§ Task item: Pull out every line below that contains the word "csupp".

§ Raw data:
- - - - -

(* Let $\Gamma>0$. There exist $\alpha>0$, $h_0>0$ and $C>0$ such that for all $h\in(0,h_0)$ and every eigenpair $(\lambda,\psi)$ of $\mathcal L_{\mathsf{Gui}}(h)$ with $|\lambda-\frac18|\le\Gamma h^{2/3}$, $$\int_{\Omega\cap\{x\ge0\}}e^{\alpha h^{-1}x}\big(|\psi|^2+|h\,\partial_x\psi|^2\big)\,dx\,dy\le C\|\psi\|^2.$$
   Context: Let $\Omega=\{(x,y)\in\mathbb R^2: y>0,\ x<y<x+\pi\sqrt2\}$, $N=\{(x,0):-\pi\sqrt2<x<0\}\subset\partial\Omega$, and $H^1_{\mathsf{Mix}}(\Omega)=\{\psi\in H^1(\Omega):\psi=0\text{ on }\partial\Omega\setminus N\}$. For $h>0$, $\mathcal L_{\mathsf{Gui}}(h)=-h^2\partial_x^2-\partial_y^2$ is the self-adjoint operator associated with the form $\int_\Omega(h^2|\partial_x\psi|^2+|\partial_y\psi|^2)$ on $H^1_{\mathsf{Mix}}(\Omega)$ (Neumann on $N$, Dirichlet elsewhere). $\|\cdot\|$ is the $L^2(\Omega)$ norm. *)

theory Defs
  imports "HOL-Analysis.Analysis"
begin

definition OmegaGui :: "(real \<times> real) set" where
  "OmegaGui = {(x, y). 0 < y \<and> x < y \<and> y < x + pi * sqrt 2}"

definition NeuGui :: "(real \<times> real) set" where
  "NeuGui = {(x, y). y = 0 \<and> - (pi * sqrt 2) < x \<and> x < 0}"

definition csupp :: "(real \<times> real \<Rightarrow> complex) \<Rightarrow> (real \<times> real) set" where
  "csupp f = closure {z. f z \<noteq> 0}"

definition C1c :: "(real \<times> real \<Rightarrow> complex) \<Rightarrow> bool" where
  "C1c f \<longleftrightarrow> compact (csupp f) \<and>
     (\<exists>dx dy. continuous_on UNIV dx \<and> continuous_on UNIV dy \<and>
        (\<forall>z. (f has_derivative (\<lambda>(u, v). of_real u * dx z + of_real v * dy z)) (at z)))"

definition pdx :: "(real \<times> real \<Rightarrow> complex) \<Rightarrow> real \<times> real \<Rightarrow> complex" where
  "pdx f z = frechet_derivative f (at z) (1, 0)"

definition pdy :: "(real \<times> real \<Rightarrow> complex) \<Rightarrow> real \<times> real \<Rightarrow> complex" where
  "pdy f z = frechet_derivative f (at z) (0, 1)"

definition L2on :: "(real \<times> real) set \<Rightarrow> (real \<times> real \<Rightarrow> complex) \<Rightarrow> bool" where
  "L2on U f \<longleftrightarrow> set_borel_measurable lborel U f \<and>
     set_integrable lborel U (\<lambda>z. (cmod (f z))\<^sup>2)"

definition weak_dx :: "(real \<times> real) set \<Rightarrow> (real \<times> real \<Rightarrow> complex) \<Rightarrow> (real \<times> real \<Rightarrow> complex) \<Rightarrow> bool" where
  "weak_dx U f g \<longleftrightarrow> (\<forall>\<phi>. C1c \<phi> \<and> csupp \<phi> \<subseteq> U \<longrightarrow>
      (LINT z:U|lborel. f z * pdx \<phi> z) = - (LINT z:U|lborel. g z * \<phi> z))"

- - - - -

§ Answer space:
definition csupp :: "(real \<times> real \<Rightarrow> complex) \<Rightarrow> (real \<times> real) set" where
  "csupp f = closure {z. f z \<noteq> 0}"
  "C1c f \<longleftrightarrow> compact (csupp f) \<and>
  "weak_dx U f g \<longleftrightarrow> (\<forall>\<phi>. C1c \<phi> \<and> csupp \<phi> \<subseteq> U \<longrightarrow>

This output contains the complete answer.